Input for this task:
lemma not_kernels_cover_dim3:
  fixes W :: "(complex^'n^'n) set"
  assumes W: "cmat.subspace W" "cmat.dim W = 3" "\<forall>A\<in>W. symmetric_mat A"
    and A0: "A0 \<in> W" "invertible A0"
  shows "\<not> kernels_cover W"
proof
  assume cover: "kernels_cover W"
  have "A0 \<noteq> 0" using A0(2) by (rule invertible_nonzero)
  obtain A1 where A1: "A1 \<in> W" "A1 \<notin> cmat.span {A0}"
    using W(2) cmat_exists_outside_span_singleton[of W A0] by auto
  obtain v1 r where "det3 (A0 *v v1) (A1 *v v1) r \<noteq> 0"
    using pencil_images_independent_somewhere[OF A0(2) A1(2)] by blast
  moreover obtain v2 where "bdot v2 (A0 *v v2) \<noteq> 0"
    using symmetric_mat_quadratic_form_nonzero W(3) A0(1) \<open>A0 \<noteq> 0\<close> by blast
  ultimately obtain v0 where v0: "det3 (A0 *v v0) (A1 *v v0) r \<noteq> 0" "bdot v0 (A0 *v v0) \<noteq> 0"
    by (rule generic_pencil_vector)
  obtain N where N: "N \<in> W" "N \<noteq> 0" "N *v v0 = 0" using cover unfolding kernels_cover_def by blast
  have N_new: "N \<notin> cmat.span {A1, A0}"
    using kernel_member_outside_pencil[OF v0(1) N(3,2)] .
  have "W \<subseteq> cmat.span {N, A1, A0}"
    using cmat_subset_span_triple[OF W(2) \<open>A0 \<noteq> 0\<close> A1(2) N_new] N(1) A1(1) A0(1) .
  then have degenerate: "\<And>v. det3 (A0 *v v) (A1 *v v) (N *v v) = 0"
    using cover det3_degenerate_if_kernels_cover by blast
  obtain y where y: "y \<noteq> 0" "\<And>w. \<exists>c. N *v w = c *s y"
    using kernel_member_line_image[OF _ N(3) degenerate v0] W(3) N(1) by blast
  then obtain \<mu> where S: "\<And>w. \<exists>c. (A1 - cmat_scale \<mu> A0) *v w = c *s y"
    using pencil_member_with_line_image[OF A0(2) y(1)] det3_vanishes_at_line[OF N(2) y(2) degenerate]
    by blast
  have "A1 - cmat_scale \<mu> A0 \<in> W"
    using W(1) A1(1) A0(1) by (intro cmat.subspace_diff cmat.subspace_scale)
  then obtain \<kappa> where \<kappa>: "A1 - cmat_scale \<mu> A0 = cmat_scale \<kappa> N"
    using symmetric_mats_same_line_image_proportional[OF _ _ y(1) N(2) S y(2)] W(3) N(1) by blast
  show False
  proof (cases "\<kappa> = 0")
    case True
    then have "A1 = cmat_scale \<mu> A0" using \<kappa> by simp
    then show False using A1(2) by (auto simp: cmat_span_singleton)
  next
    case False
    then have "N = cmat_scale (1 / \<kappa>) A1 + cmat_scale (- \<mu> / \<kappa>) A0"
      using \<kappa> by (simp add: cmat_scale_def vec_eq_iff field_simps)
    then show False using N_new cmat_span_pair by blast
  qed
qed

end

theorem lemma6p1:
  fixes W :: "(complex^'n^'n) set"
  assumes "CARD('n) \<le> 3"
    and "cmat.subspace W"
    and "cmat.dim W = CARD('n)"
    and "\<forall>A\<in>W. symmetric_mat A"
    and "\<exists>A\<in>W. invertible A"
  shows "\<exists>v :: complex^'n. \<forall>A\<in>W. A \<noteq> 0 \<longrightarrow> v \<notin> qf_kernel A"
proof -
  obtain A0 where A0: "A0 \<in> W" "invertible A0" using assms(5) by blast
  have "\<not> kernels_cover W"
  proof -
    consider "CARD('n) = 1" | "CARD('n) = 2" | "CARD('n) = 3"
      using assms(1) zero_less_card_finite[where 'a='n] by linarith
    then show ?thesis
    proof cases
      case 1
      then show ?thesis using not_kernels_cover_dim1 assms(3) A0 by simp
    next
      case 2
      then show ?thesis using not_kernels_cover_dim2 assms(3) A0 by simp
    next
      case 3
      then obtain i1 i2 i3 :: 'n where "(UNIV :: 'n set) = {i1, i2, i3}" "i1 \<noteq> i2" "i2 \<noteq> i3" "i1 \<noteq> i3"
        unfolding card_3_iff by blast
      then interpret three_index i1 i2 i3 by unfold_locales auto
      show ?thesis using not_kernels_cover_dim3 assms(2,3,4) A0 3 by simp
    qed
  qed
  then show ?thesis by (auto simp: kernels_cover_def qf_kernel_def)
qed

end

Requirement: Search the data above for the word "proof". Copy each line it is in.

Finished exercise:
proof
  proof (cases "\<kappa> = 0")
proof -
  proof -
    proof cases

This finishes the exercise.